*** EXCERPTED RECORDS Section Begins ***

lemma radon_eq_integral_centered:
  assumes \<theta>: "norm \<theta> = 1" and T: "r + norm x \<le> T"
  shows "radon h \<theta> v = integral {-T..T} (\<lambda>t. h (x + (v - x \<bullet> \<theta>) *\<^sub>R \<theta> + t *\<^sub>R perp \<theta>))"
proof -
  have "x + (v - x \<bullet> \<theta>) *\<^sub>R \<theta> + t *\<^sub>R perp \<theta> = v *\<^sub>R \<theta> + (t + x \<bullet> perp \<theta>) *\<^sub>R perp \<theta>" for t
    by (subst (1) unit_frame_decomp[OF \<theta>, of x]) (simp add: algebra_simps)
  moreover have "r + \<bar>x \<bullet> perp \<theta>\<bar> \<le> T"
    using abs_inner_le_norm_unit[of "perp \<theta>" x] \<theta> T by simp
  ultimately show ?thesis
    by (simp add: radon_eq_integral_shifted[OF \<theta>])
qed

lemma continuous_on_radon_sphere:
  "continuous_on (sphere 0 1) (\<lambda>\<psi>. radon h \<psi> s)"
proof -
  have "continuous_on (sphere 0 1) (\<lambda>\<psi>. (\<lambda>(\<psi>, s). radon h \<psi> s) (\<psi>, s))"
    by (rule continuous_on_compose2[OF radon_continuous]) (auto intro!: continuous_intros)
  then show ?thesis
    by simp
qed

lemma radon_inner:
  assumes "norm \<psi> = 1"
  shows "radon (\<lambda>y. h y \<bullet> w) \<psi> u = radon h \<psi> u \<bullet> w"
proof -
  from has_integral_linear[OF has_integral_radon[OF assms] bounded_linear_inner_left[of w]]
  show ?thesis
    by (simp add: radon_def o_def integral_unique)
qed

lemma continuous_supported_inner: "continuous_supported (\<lambda>y. h y \<bullet> w) r"
  by unfold_locales (auto intro!: continuous_intros r_pos simp: vanishes)

end

section \<open>Radon transform of a divergent beam\<close>

context
  fixes h :: "real^2 \<Rightarrow> real" and r :: real and \<gamma> \<psi> :: "real^2"
  assumes h: "continuous_supported h r"
    and unit: "norm \<gamma> = 1" "norm \<psi> = 1"
    and transversal: "\<psi> \<bullet> \<gamma> \<noteq> 0"
begin

interpretation continuous_supported h r
  by (rule h)

lemma beam_point_frame:
  "u *\<^sub>R \<psi> + t *\<^sub>R perp \<psi> + \<tau> *\<^sub>R \<gamma> =
     (u + \<tau> * (\<psi> \<bullet> \<gamma>)) *\<^sub>R \<psi> + (t + \<tau> * (\<gamma> \<bullet> perp \<psi>)) *\<^sub>R perp \<psi>"
  by (subst (1) unit_frame_decomp[OF unit(2), of \<gamma>]) (simp add: algebra_simps inner_commute)

lemma beam_point_vanishes:
  assumes "r \<le> \<bar>u + \<tau> * (\<psi> \<bullet> \<gamma>)\<bar> \<or> r \<le> \<bar>t + \<tau> * (\<gamma> \<bullet> perp \<psi>)\<bar>"
  shows "h (u *\<^sub>R \<psi> + t *\<^sub>R perp \<psi> + \<tau> *\<^sub>R \<gamma>) = 0"
proof -
  have "\<psi> \<bullet> \<psi> = 1" "perp \<psi> \<bullet> perp \<psi> = 1"
    using unit(2) by (simp_all add: norm_eq_1[symmetric])
  then have coords: "(u *\<^sub>R \<psi> + t *\<^sub>R perp \<psi> + \<tau> *\<^sub>R \<gamma>) \<bullet> \<psi> = u + \<tau> * (\<psi> \<bullet> \<gamma>)"
    "(u *\<^sub>R \<psi> + t *\<^sub>R perp \<psi> + \<tau> *\<^sub>R \<gamma>) \<bullet> perp \<psi> = t + \<tau> * (\<gamma> \<bullet> perp \<psi>)"
    unfolding beam_point_frame by (simp_all add: inner_add_left)
  from assms show ?thesis
  proof
    assume "r \<le> \<bar>u + \<tau> * (\<psi> \<bullet> \<gamma>)\<bar>"
    then show ?thesis
      by (intro vanishes_unit_coord[OF unit(2)]) (simp only: coords)
  next
    assume "r \<le> \<bar>t + \<tau> * (\<gamma> \<bullet> perp \<psi>)\<bar>"
    then show ?thesis
      using unit(2) by (intro vanishes_unit_coord[of "perp \<psi>"]) (simp_all only: coords norm_perp)
  qed
qed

*** EXCERPTED RECORDS Section Ends ***

From the first line to the last, copy every record exactly.

lemma radon_eq_integral_centered:
  assumes \<theta>: "norm \<theta> = 1" and T: "r + norm x \<le> T"
  shows "radon h \<theta> v = integral {-T..T} (\<lambda>t. h (x + (v - x \<bullet> \<theta>) *\<^sub>R \<theta> + t *\<^sub>R perp \<theta>))"
proof -
  have "x + (v - x \<bullet> \<theta>) *\<^sub>R \<theta> + t *\<^sub>R perp \<theta> = v *\<^sub>R \<theta> + (t + x \<bullet> perp \<theta>) *\<^sub>R perp \<theta>" for t
    by (subst (1) unit_frame_decomp[OF \<theta>, of x]) (simp add: algebra_simps)
  moreover have "r + \<bar>x \<bullet> perp \<theta>\<bar> \<le> T"
    using abs_inner_le_norm_unit[of "perp \<theta>" x] \<theta> T by simp
  ultimately show ?thesis
    by (simp add: radon_eq_integral_shifted[OF \<theta>])
qed

lemma continuous_on_radon_sphere:
  "continuous_on (sphere 0 1) (\<lambda>\<psi>. radon h \<psi> s)"
proof -
  have "continuous_on (sphere 0 1) (\<lambda>\<psi>. (\<lambda>(\<psi>, s). radon h \<psi> s) (\<psi>, s))"
    by (rule continuous_on_compose2[OF radon_continuous]) (auto intro!: continuous_intros)
  then show ?thesis
    by simp
qed

lemma radon_inner:
  assumes "norm \<psi> = 1"
  shows "radon (\<lambda>y. h y \<bullet> w) \<psi> u = radon h \<psi> u \<bullet> w"
proof -
  from has_integral_linear[OF has_integral_radon[OF assms] bounded_linear_inner_left[of w]]
  show ?thesis
    by (simp add: radon_def o_def integral_unique)
qed

lemma continuous_supported_inner: "continuous_supported (\<lambda>y. h y \<bullet> w) r"
  by unfold_locales (auto intro!: continuous_intros r_pos simp: vanishes)

end

section \<open>Radon transform of a divergent beam\<close>

context
  fixes h :: "real^2 \<Rightarrow> real" and r :: real and \<gamma> \<psi> :: "real^2"
  assumes h: "continuous_supported h r"
    and unit: "norm \<gamma> = 1" "norm \<psi> = 1"
    and transversal: "\<psi> \<bullet> \<gamma> \<noteq> 0"
begin

interpretation continuous_supported h r
  by (rule h)

lemma beam_point_frame:
  "u *\<^sub>R \<psi> + t *\<^sub>R perp \<psi> + \<tau> *\<^sub>R \<gamma> =
     (u + \<tau> * (\<psi> \<bullet> \<gamma>)) *\<^sub>R \<psi> + (t + \<tau> * (\<gamma> \<bullet> perp \<psi>)) *\<^sub>R perp \<psi>"
  by (subst (1) unit_frame_decomp[OF unit(2), of \<gamma>]) (simp add: algebra_simps inner_commute)

lemma beam_point_vanishes:
  assumes "r \<le> \<bar>u + \<tau> * (\<psi> \<bullet> \<gamma>)\<bar> \<or> r \<le> \<bar>t + \<tau> * (\<gamma> \<bullet> perp \<psi>)\<bar>"
  shows "h (u *\<^sub>R \<psi> + t *\<^sub>R perp \<psi> + \<tau> *\<^sub>R \<gamma>) = 0"
proof -
  have "\<psi> \<bullet> \<psi> = 1" "perp \<psi> \<bullet> perp \<psi> = 1"
    using unit(2) by (simp_all add: norm_eq_1[symmetric])
  then have coords: "(u *\<^sub>R \<psi> + t *\<^sub>R perp \<psi> + \<tau> *\<^sub>R \<gamma>) \<bullet> \<psi> = u + \<tau> * (\<psi> \<bullet> \<gamma>)"
    "(u *\<^sub>R \<psi> + t *\<^sub>R perp \<psi> + \<tau> *\<^sub>R \<gamma>) \<bullet> perp \<psi> = t + \<tau> * (\<gamma> \<bullet> perp \<psi>)"
    unfolding beam_point_frame by (simp_all add: inner_add_left)
  from assms show ?thesis
  proof
    assume "r \<le> \<bar>u + \<tau> * (\<psi> \<bullet> \<gamma>)\<bar>"
    then show ?thesis
      by (intro vanishes_unit_coord[OF unit(2)]) (simp only: coords)
  next
    assume "r \<le> \<bar>t + \<tau> * (\<gamma> \<bullet> perp \<psi>)\<bar>"
    then show ?thesis
      using unit(2) by (intro vanishes_unit_coord[of "perp \<psi>"]) (simp_all only: coords norm_perp)
  qed
qed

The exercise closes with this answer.